## Thursday, June 11, 2015

### 99 Clojure Problems – 59: Construct Height-Balanced Binary Trees

"In a height-balanced binary tree, the following property holds for every node: The height of its left subtree and the height of its right subtree are almost equal, which means their difference is not greater than one.

Write a method to construct height-balanced binary trees for a given height with a supplied value for the nodes. The function should generate all solutions."

### Example

```ninety-nine-clojure.bintrees> (height-balanced-trees 2 'x)
([x [x nil nil] [x nil nil]] [x [x nil nil] nil] [x nil [x nil nil]])
```

### Discussion

To get some intuition for this problem we can distinguish tree cases:
1. The left subtree has the same length as the right subtree
2. The left subtree is shorter by one level
3. The right subtree is shorter by one level
If we combine all three cases via concat we have our solution.

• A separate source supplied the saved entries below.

(* Assume each $f_i$ is $\mu$-strongly convex with $\mu>0$ and has $L$-Lipschitz gradient, let $x^*$ be the minimiser of $F=f+h$, and run SAGA with step size $\gamma=\frac{1}{3L}$ starting from $x^0$ with $\phi_i^0=x^0$ for all $i$. Then for all $k\ge 0$, \[ \mathbb{E}\Vert x^{k}-x^{*}\Vert^{2}\leq \left( 1-\min\left\{ \frac{1}{4n},\frac{\mu}{3L}\right\} \right)^{k} \left[\Vert x^{0}-x^{*}\Vert^{2} +\frac{2n}{3L} \left[f(x^{0}) -\langle f'(x^{*}),x^{0}-x^{*}\rangle -f(x^{*})\right]\right], \] where the expectation is over all random index choices up to step $k$.
   Context: Setting: $f(x)=\frac1n\sum_{i=1}^n f_i(x)$ with each $f_i\colon\mathbb{R}^d\to\mathbb{R}$ convex and differentiable with $L$-Lipschitz gradient $f_i'$; $h\colon\mathbb{R}^d\to\mathbb{R}\cup\{+\infty\}$ is proper, closed, convex; $F=f+h$. The proximal operator is $\mathrm{prox}^h_\gamma(y)=\operatorname{argmin}_{x}\{h(x)+\frac{1}{2\gamma}\Vert x-y\Vert^2\}$. SAGA algorithm with step size $\gamma>0$: start from $x^0\in\mathbb{R}^d$ and $\phi_i^0=x^0$ for all $i$. At iteration $k+1$, given $x^k$ and $\phi_1^k,\dots,\phi_n^k$: pick $j$ uniformly at random from $\{1,\dots,n\}$ (independently of the past); set $\phi_j^{k+1}=x^k$ and $\phi_i^{k+1}=\phi_i^k$ for $i\neq j$; set $w^{k+1}=x^k-\gamma\big[f_j'(\phi_j^{k+1})-f_j'(\phi_j^k)+\frac1n\sum_{i=1}^n f_i'(\phi_i^k)\big]$ and $x^{k+1}=\mathrm{prox}^h_\gamma(w^{k+1})$. *)

theory Defs
  imports "HOL-Analysis.Analysis"
begin

definition strongly_convex_grad :: "real \<Rightarrow> ('a::real_inner \<Rightarrow> real) \<Rightarrow> ('a \<Rightarrow> 'a) \<Rightarrow> bool" where
  "strongly_convex_grad \<mu> g g' \<longleftrightarrow>
     (\<forall>x y. g y \<ge> g x + inner (g' x) (y - x) + \<mu> / 2 * (norm (y - x))\<^sup>2)"

definition epigraph_ext :: "('a \<Rightarrow> ereal) \<Rightarrow> ('a \<times> real) set" where
  "epigraph_ext h = {(x, t). h x \<le> ereal t}"

definition proper_fun :: "('a \<Rightarrow> ereal) \<Rightarrow> bool" where
  "proper_fun h \<longleftrightarrow> (\<forall>x. h x \<noteq> -\<infinity>) \<and> (\<exists>x. h x \<noteq> \<infinity>)"

definition closed_fun :: "('a::topological_space \<Rightarrow> ereal) \<Rightarrow> bool" where
  "closed_fun h \<longleftrightarrow> closed (epigraph_ext h)"

definition convex_fun :: "('a::real_vector \<Rightarrow> ereal) \<Rightarrow> bool" where
  "convex_fun h \<longleftrightarrow> convex (epigraph_ext h)"

definition prox :: "('a::real_normed_vector \<Rightarrow> ereal) \<Rightarrow> real \<Rightarrow> 'a \<Rightarrow> 'a" where
  "prox h \<gamma> y = (SOME x. \<forall>z. h x + ereal (1 / (2 * \<gamma>) * (norm (x - y))\<^sup>2)
                              \<le> h z + ereal (1 / (2 * \<gamma>) * (norm (z - y))\<^sup>2))"

text \<open>One SAGA iteration with chosen index j (indices range over {0..<n}).
  State: (x^k, phi^k).  Note phi_j^{k+1} = x^k.\<close>
definition saga_step :: "nat \<Rightarrow> (nat \<Rightarrow> 'a::real_normed_vector \<Rightarrow> 'a) \<Rightarrow> ('a \<Rightarrow> ereal) \<Rightarrow> real
     \<Rightarrow> 'a \<times> (nat \<Rightarrow> 'a) \<Rightarrow> nat \<Rightarrow> 'a \<times> (nat \<Rightarrow> 'a)" where
  "saga_step n f' h \<gamma> st j =
     (let x = fst st; \<phi> = snd st; \<phi>' = \<phi>(j := x);
          w = x - \<gamma> *\<^sub>R (f' j (\<phi>' j) - f' j (\<phi> j) + (1 / real n) *\<^sub>R (\<Sum>i<n. f' i (\<phi> i)))
      in (prox h \<gamma> w, \<phi>'))"

definition saga_iter :: "nat \<Rightarrow> (nat \<Rightarrow> 'a::real_normed_vector \<Rightarrow> 'a) \<Rightarrow> ('a \<Rightarrow> ereal) \<Rightarrow> real
     \<Rightarrow> 'a \<Rightarrow> nat list \<Rightarrow> 'a" where
  "saga_iter n f' h \<gamma> x0 js = fst (foldl (saga_step n f' h \<gamma>) (x0, \<lambda>_. x0) js)"

text \<open>Expectation over k i.i.d. uniform indices in {0..<n}: average over all index sequences.\<close>
definition index_seqs :: "nat \<Rightarrow> nat \<Rightarrow> nat list set" where
  "index_seqs n k = {js. length js = k \<and> set js \<subseteq> {..<n}}"

definition expect_seq :: "nat \<Rightarrow> nat \<Rightarrow> (nat list \<Rightarrow> real) \<Rightarrow> real" where
  "expect_seq n k X = (\<Sum>js\<in>index_seqs n k. X js) / real n ^ k"

end

theory Submission
  imports Defs
begin

text \<open>The proof is the Lyapunov argument of Defazio, Bach and Lacoste-Julien.  With xs the
  minimiser of F = f + h, gamma = 1/(3L), the Bregman divergences
  D_i(y) = f_i(y) - f_i(xs) - \<langle>f_i'(xs), y - xs\<rangle> \<ge> 0 and c = 2 n gamma (1 - gamma mu),
  the function
      T(x, phi) = |x - xs|^2 + (c/n) sum_i D_i(phi_i)
  decreases in expectation by the factor rho = 1 - min(1/(4n), mu/(3L)) in every step.  The theorem
     follows since |x - xs|^2 \<le> T and T at the start is at most the claimed constant.\<close>

lemma norm_add_square:
  "(norm (a + b))\<^sup>2 = (norm a)\<^sup>2 + 2 * inner a b + (norm (b::'a::real_inner))\<^sup>2"
  by (simp add: power2_norm_eq_inner inner_add_left inner_add_right inner_commute)

lemma smooth_upper_bound:
  fixes F :: "'a::real_inner \<Rightarrow> real" and F' :: "'a \<Rightarrow> 'a"
  assumes deriv: "\<And>x. (F has_derivative (\<lambda>v. inner (F' x) v)) (at x)"
    and lip: "\<And>x y. norm (F' x - F' y) \<le> L * norm (x - y)"
  shows "F y \<le> F x + inner (F' x) (y - x) + L / 2 * (norm (y - x))\<^sup>2"
proof -
  define v where "v = y - x"
  define g where "g t = F (x + t *\<^sub>R v) - t * inner (F' x) v - L / 2 * t\<^sup>2 * (norm v)\<^sup>2" for t
  have "g 1 \<le> g 0"
  proof (rule DERIV_nonpos_imp_nonincreasing[of 0 1 g])
    fix t :: real assume t: "0 \<le> t" "t \<le> 1"
    have "((\<lambda>t. x + t *\<^sub>R v) has_derivative (\<lambda>s. s *\<^sub>R v)) (at t)"
      by (auto intro!: derivative_eq_intros)
    from has_derivative_compose[OF this deriv]
    have "((\<lambda>t. F (x + t *\<^sub>R v)) has_real_derivative inner (F' (x + t *\<^sub>R v)) v) (at t)"
      by (simp add: has_field_derivative_def mult_commute_abs)
    hence "(g has_real_derivative
              inner (F' (x + t *\<^sub>R v)) v - inner (F' x) v - L * t * (norm v)\<^sup>2) (at t)"
      unfolding g_def by (auto intro!: derivative_eq_intros)
    moreover have "inner (F' (x + t *\<^sub>R v)) v - inner (F' x) v \<le> L * t * (norm v)\<^sup>2"
    proof -
      have "inner (F' (x + t *\<^sub>R v)) v - inner (F' x) v = inner (F' (x + t *\<^sub>R v) - F' x) v"
        by (simp add: inner_diff_left)
      also have "\<dots> \<le> norm (F' (x + t *\<^sub>R v) - F' x) * norm v" by (rule norm_cauchy_schwarz)
      also have "\<dots> \<le> L * norm (t *\<^sub>R v) * norm v"
        using lip[of "x + t *\<^sub>R v" x] by (simp add: mult_right_mono)
      also have "\<dots> = L * t * (norm v)\<^sup>2" using t by (simp add: power2_eq_square)
      finally show ?thesis .
    qed
    ultimately show "\<exists>y. (g has_real_derivative y) (at t) \<and> y \<le> 0" by auto
  qed simp
  thus ?thesis unfolding g_def v_def by (simp add: algebra_simps)
qed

We generate the solutions by recursively calling the function with the heights h-1 and h-2. We don't have to generate the 'short' versions of the left and right subtrees separately. We can just create both combinations (left shorter/right shorter) with just one copy of the lower subtrees (h-2) and one copy of the higher subtrees (h-1). Still, there is some redundant computation going on as the h-1 contains also the h-2 subtrees. Memoization might help here.

The practical applicability of the function just created as described is somewhat limited as the number of height balanced binary trees grows exponentially. For our test case we therefore just look at trees up to five levels high.